— Extracted data —
-- -- --
(* Consider the setting described in the context. Minimizing the cost $I[S^K;Z^K]-h[H]$ over the variables $\Sigma^H>0$, $\Sigma^Z_K>0$ and block-diagonal $\tilde G_K=\mathrm{diag}(G(1),\dots,G(K))$ is equivalent to solving the following convex program: $$\min_{\Sigma^H,\ \Pi_K,\ \Sigma^Z_K,\ \tilde G_K}\ -\log\det(\Sigma^H)-\log\det(\Pi_K)\quad\text{s.t.}\quad \Pi_K\ge 0,\quad \begin{bmatrix}\Sigma^S_K-\Pi_K & (\Sigma^{SZ}_K)^\top\\ \Sigma^{SZ}_K & \Sigma^Z_K\end{bmatrix}\ge 0,$$ where $\Sigma^{SZ}_K=\tilde G_K\tilde C_KQ\tilde D_K^\top$ and $\Pi_K\in\mathbb{R}^{Kn_s\times Kn_s}$ is symmetric.
   Context: Let $n_x,n_y,n_u,n_s,K\in\mathbb{N}$, $K\ge2$. Consider the system $X(k+1)=AX(k)+BU(k)+T(k)$, $Y(k)=CX(k)+W(k)$, $S(k)=DX(k)$ with $X(k)\in\mathbb{R}^{n_x}$, $Y(k)\in\mathbb{R}^{n_y}$, deterministic $U(k)\in\mathbb{R}^{n_u}$, $S(k)\in\mathbb{R}^{n_s}$, $D$ of full row rank; $T(k)$, $W(k)$ i.i.d. zero-mean Gaussian with covariances $\Sigma^T>0$, $\Sigma^W>0$; $X(1)\sim\mathcal{N}[\mu^X_1,\Sigma^X_1]$, $\Sigma^X_1>0$; all mutually independent. The disclosed output is $Z(k)=G(k)Y(k)+V(k)$ with $G(k)\in\mathbb{R}^{n_y\times n_y}$ deterministic and $V^K=(V(1)^\top,\dots,V(K)^\top)^\top$ zero-mean Gaussian, independent of everything else; the disclosed input is $R(k)=U(k)+H(k)$ where the stacked input noise $H\in\mathbb{R}^m$ is zero-mean Gaussian with covariance $\Sigma^H>0$, independent of everything else. Stacked vectors $Z^K,S^K$ collect $Z(1),\dots,Z(K)$ and $S(1),\dots,S(K)$. Let $\tilde C_K=I_K\otimes C$, $\tilde D_K=I_K\otimes D$, $F_K=\begin{bmatrix} I & A^\top &\cdots & (A^\top)^{K-1}\end{bmatrix}^\top$, $J_K\in\mathbb{R}^{Kn_x\times(K-1)n_x}$ with $(i,j)$ block $A^{i-j-1}$ if $i>j$ ($A^0=I$) and $\mathbf{0}$ otherwise, and $Q=F_K\Sigma^X_1F_K^\top+J_K(I_{K-1}\otimes\Sigma^T)J_K^\top$. Then $\Sigma^S_K=\tilde D_KQ\tilde D_K^\top$ is the covariance of $S^K$, $\Sigma^{SZ}_K=\tilde G_K\tilde C_KQ\tilde D_K^\top$ is the cross-covariance of $Z^K$ and $S^K$, and $\Sigma^Z_K$ denotes the covariance of $Z^K$ (which determines the covariance of $V^K$ via $\Sigma^V_K=\Sigma^Z_K-\tilde G_K(\tilde C_KQ\tilde C_K^\top+I_K\otimes\Sigma^W)\tilde G_K^\top$). Since all vectors are jointly Gaussian, the mutual information and differential entropy (logarithms base 2) are $I[S^K;Z^K]=\tfrac12\log\det\Sigma^S_K-\tfrac12\log\det\big(\Sigma^S_K-(\Sigma^{SZ}_K)^\top(\Sigma^Z_K)^{-1}\Sigma^{SZ}_K\big)$ and $h[H]=\tfrac12\log\det\Sigma^H+\tfrac m2+\tfrac m2\log(2\pi)$; the cost is regarded as a function of $(\Sigma^H,\Sigma^Z_K,\tilde G_K)$ through these formulas. *)

theory Defs
  imports "Jordan_Normal_Form.Determinant" "Jordan_Normal_Form.DL_Rank"
          "Jordan_Normal_Form.Gauss_Jordan_Elimination"
begin

definition sym_mat :: "nat \<Rightarrow> real mat \<Rightarrow> bool" where
  "sym_mat n M \<longleftrightarrow> M \<in> carrier_mat n n \<and> M\<^sup>T = M"

definition psd_mat :: "nat \<Rightarrow> real mat \<Rightarrow> bool" where
  "psd_mat n M \<longleftrightarrow> sym_mat n M \<and> (\<forall>v \<in> carrier_vec n. v \<bullet> (M *\<^sub>v v) \<ge> 0)"

definition pd_mat :: "nat \<Rightarrow> real mat \<Rightarrow> bool" where
  "pd_mat n M \<longleftrightarrow> sym_mat n M \<and> (\<forall>v \<in> carrier_vec n. v \<noteq> 0\<^sub>v n \<longrightarrow> v \<bullet> (M *\<^sub>v v) > 0)"

text \<open>Inverse of a square matrix (only used for invertible matrices).\<close>
definition inv_mat :: "real mat \<Rightarrow> real mat" where
  "inv_mat M = the (mat_inverse M)"

definition blockdiag :: "nat \<Rightarrow> nat \<Rightarrow> (nat \<Rightarrow> real mat) \<Rightarrow> real mat" where
  "blockdiag K n M = mat (K * n) (K * n)
     (\<lambda>(i, j). if i div n = j div n then M (i div n) $$ (i mod n, j mod n) else 0)"

definition kron_id :: "nat \<Rightarrow> real mat \<Rightarrow> real mat" where
  "kron_id K M = mat (K * dim_row M) (K * dim_col M)
     (\<lambda>(i, j). if i div dim_row M = j div dim_col M
               then M $$ (i mod dim_row M, j mod dim_col M) else 0)"

definition F_mat :: "nat \<Rightarrow> nat \<Rightarrow> real mat \<Rightarrow> real mat" where
  "F_mat K nx A = mat (K * nx) nx (\<lambda>(i, j). (A ^\<^sub>m (i div nx)) $$ (i mod nx, j))"

text \<open>J_K of size (K nx) x ((K-1) nx), block (i,j) = A^(i-j-1) if i > j, else 0
  (block indices counted from 0; the same condition as with indices from 1).\<close>
definition J_mat :: "nat \<Rightarrow> nat \<Rightarrow> real mat \<Rightarrow> real mat" where
  "J_mat K nx A = mat (K * nx) ((K - 1) * nx)
     (\<lambda>(i, j). if i div nx > j div nx
               then (A ^\<^sub>m (i div nx - j div nx - 1)) $$ (i mod nx, j mod nx) else 0)"

definition Q_mat :: "nat \<Rightarrow> nat \<Rightarrow> real mat \<Rightarrow> real mat \<Rightarrow> real mat \<Rightarrow> real mat" where
  "Q_mat K nx A Sig1 SigT =
     F_mat K nx A * Sig1 * (F_mat K nx A)\<^sup>T
     + J_mat K nx A * kron_id (K - 1) SigT * (J_mat K nx A)\<^sup>T"

definition SigS :: "nat \<Rightarrow> nat \<Rightarrow> real mat \<Rightarrow> real mat \<Rightarrow> real mat \<Rightarrow> real mat \<Rightarrow> real mat" where
  "SigS K nx A D Sig1 SigT = kron_id K D * Q_mat K nx A Sig1 SigT * (kron_id K D)\<^sup>T"

text \<open>\<Sigma>^SZ_K = G~ C~ Q D~^T, where G~ = diag(G(1),...,G(K)) (here G 0, ..., G (K-1)).\<close>
definition SigSZ :: "nat \<Rightarrow> nat \<Rightarrow> nat \<Rightarrow> real mat \<Rightarrow> real mat \<Rightarrow> real mat \<Rightarrow> real mat
    \<Rightarrow> real mat \<Rightarrow> (nat \<Rightarrow> real mat) \<Rightarrow> real mat" where
  "SigSZ K nx ny A C D Sig1 SigT G =
     blockdiag K ny G * kron_id K C * Q_mat K nx A Sig1 SigT * (kron_id K D)\<^sup>T"

definition SigS_cond :: "nat \<Rightarrow> nat \<Rightarrow> nat \<Rightarrow> real mat \<Rightarrow> real mat \<Rightarrow> real mat \<Rightarrow> real mat
    \<Rightarrow> real mat \<Rightarrow> real mat \<Rightarrow> (nat \<Rightarrow> real mat) \<Rightarrow> real mat" where
  "SigS_cond K nx ny A C D Sig1 SigT SigZ G =
     SigS K nx A D Sig1 SigT
     - (SigSZ K nx ny A C D Sig1 SigT G)\<^sup>T * inv_mat SigZ * SigSZ K nx ny A C D Sig1 SigT G"

definition mutual_info :: "nat \<Rightarrow> nat \<Rightarrow> nat \<Rightarrow> real mat \<Rightarrow> real mat \<Rightarrow> real mat \<Rightarrow> real mat
    \<Rightarrow> real mat \<Rightarrow> real mat \<Rightarrow> (nat \<Rightarrow> real mat) \<Rightarrow> real" where
  "mutual_info K nx ny A C D Sig1 SigT SigZ G =
     1/2 * log 2 (det (SigS K nx A D Sig1 SigT))
     - 1/2 * log 2 (det (SigS_cond K nx ny A C D Sig1 SigT SigZ G))"

text \<open>Differential entropy h[H] of H ~ N(0, SigH), H in R^m (base-2 logarithms).\<close>
definition diff_entropy :: "nat \<Rightarrow> real mat \<Rightarrow> real" where
  "diff_entropy m SigH = 1/2 * log 2 (det SigH) + real m / 2 + real m / 2 * log 2 (2 * pi)"
fun app_lit :: "subst \<Rightarrow> lit \<Rightarrow> sval" where
  "app_lit \<sigma> (Pos x) = \<sigma> x" | "app_lit \<sigma> (Neg x) = neg_sval (\<sigma> x)"

text \<open>Restriction of a clause: None if it becomes 1 (satisfied), otherwise the
  simplified clause (literals mapped to 0 are removed).\<close>
definition restrict_clause :: "subst \<Rightarrow> clause \<Rightarrow> clause option" where
  "restrict_clause \<sigma> C =
     (if \<exists>l\<in>C. app_lit \<sigma> l = Const True then None
      else Some {l'. \<exists>l\<in>C. app_lit \<sigma> l = L l'})"

definition restrict_cnf :: "subst \<Rightarrow> cnf \<Rightarrow> cnf" where
  "restrict_cnf \<sigma> \<Gamma> =
     image_mset (\<lambda>C. the (restrict_clause \<sigma> C))
       (filter_mset (\<lambda>C. restrict_clause \<sigma> C \<noteq> None) \<Gamma>)"

text \<open>The partial assignment falsifying all literals of C (as a substitution
  that is the identity on unassigned variables).\<close>
definition neg_clause :: "clause \<Rightarrow> subst" where
  "neg_clause C x =
     (if Pos x \<in> C then Const False else if Neg x \<in> C then Const True else L (Pos x))"

fun lit_val :: "(nat \<Rightarrow> bool) \<Rightarrow> lit \<Rightarrow> bool" where
  "lit_val \<tau> (Pos x) = \<tau> x" | "lit_val \<tau> (Neg x) = (\<not> \<tau> x)"

fun eval_sval :: "(nat \<Rightarrow> bool) \<Rightarrow> sval \<Rightarrow> bool" where
  "eval_sval \<tau> (Const b) = b" | "eval_sval \<tau> (L l) = lit_val \<tau> l"

definition comp_asg :: "(nat \<Rightarrow> bool) \<Rightarrow> subst \<Rightarrow> (nat \<Rightarrow> bool)" where
  "comp_asg \<tau> \<sigma> x = eval_sval \<tau> (\<sigma> x)"

definition extends_neg :: "(nat \<Rightarrow> bool) \<Rightarrow> clause \<Rightarrow> bool" where
  "extends_neg \<tau> C \<longleftrightarrow> (\<forall>l\<in>C. \<not> lit_val \<tau> l)"

definition models :: "(nat \<Rightarrow> bool) \<Rightarrow> cnf \<Rightarrow> bool" where
  "models \<alpha> \<Gamma> \<longleftrightarrow> (\<forall>C \<in># \<Gamma>. \<exists>l\<in>C. lit_val \<alpha> l)"

definition subst_over :: "nat set \<Rightarrow> subst \<Rightarrow> bool" where
  "subst_over V \<sigma> \<longleftrightarrow>
     (\<forall>x\<in>V. (\<exists>b. \<sigma> x = Const b) \<or> (\<exists>l. \<sigma> x = L l \<and> var_of l \<in> V)) \<and>
     (\<forall>x. x \<notin> V \<longrightarrow> \<sigma> x = L (Pos x))"

inductive_set up_true :: "cnf \<Rightarrow> lit set" for \<Gamma> :: cnf where
  unit: "C \<in># \<Gamma> \<Longrightarrow> l \<in> C \<Longrightarrow> (\<forall>l'\<in>C. l' \<noteq> l \<longrightarrow> negl l' \<in> up_true \<Gamma>)
         \<Longrightarrow> l \<in> up_true \<Gamma>"

definition up_refutes :: "cnf \<Rightarrow> bool" where
  "up_refutes \<Gamma> \<longleftrightarrow> (\<exists>C \<in># \<Gamma>. \<forall>l\<in>C. negl l \<in> up_true \<Gamma>)"

definition up_implies :: "cnf \<Rightarrow> clause \<Rightarrow> bool" where
  "up_implies \<Gamma> C \<longleftrightarrow> up_refutes (restrict_cnf (neg_clause C) \<Gamma>)"

definition up_implies_all :: "cnf \<Rightarrow> cnf \<Rightarrow> bool" where
  "up_implies_all \<Gamma> \<Delta> \<longleftrightarrow> (\<forall>D \<in># \<Delta>. up_implies \<Gamma> D)"

text \<open>An instance: hard clauses H and soft clauses given as pairs (C_i, b_i).\<close>
record maxsat =
  hard :: cnf
  soft :: "(clause \<times> nat) list"

definition cnf_of :: "maxsat \<Rightarrow> cnf" where
  "cnf_of F = hard F + mset (map (\<lambda>(C, b). insert (Pos b) C) (soft F))"

definition blocking :: "maxsat \<Rightarrow> nat set" where
  "blocking F = snd ` set (soft F)"

definition wf_maxsat :: "maxsat \<Rightarrow> bool" where
  "wf_maxsat F \<longleftrightarrow>
     (\<forall>C \<in># hard F. finite C) \<and> (\<forall>(C, b) \<in> set (soft F). finite C) \<and>
     distinct (map snd (soft F)) \<and>
     (\<forall>b \<in> blocking F. b \<notin> vars_cnf (hard F) \<and>
        (\<forall>(C, b') \<in> set (soft F). b \<notin> vars_clause C))"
-- -- --
— What you will do —
Gather each line from the listing above that holds "None".

— Response to this exercise —
text \<open>Restriction of a clause: None if it becomes 1 (satisfied), otherwise the
     (if \<exists>l\<in>C. app_lit \<sigma> l = Const True then None
       (filter_mset (\<lambda>C. restrict_clause \<sigma> C \<noteq> None) \<Gamma>)"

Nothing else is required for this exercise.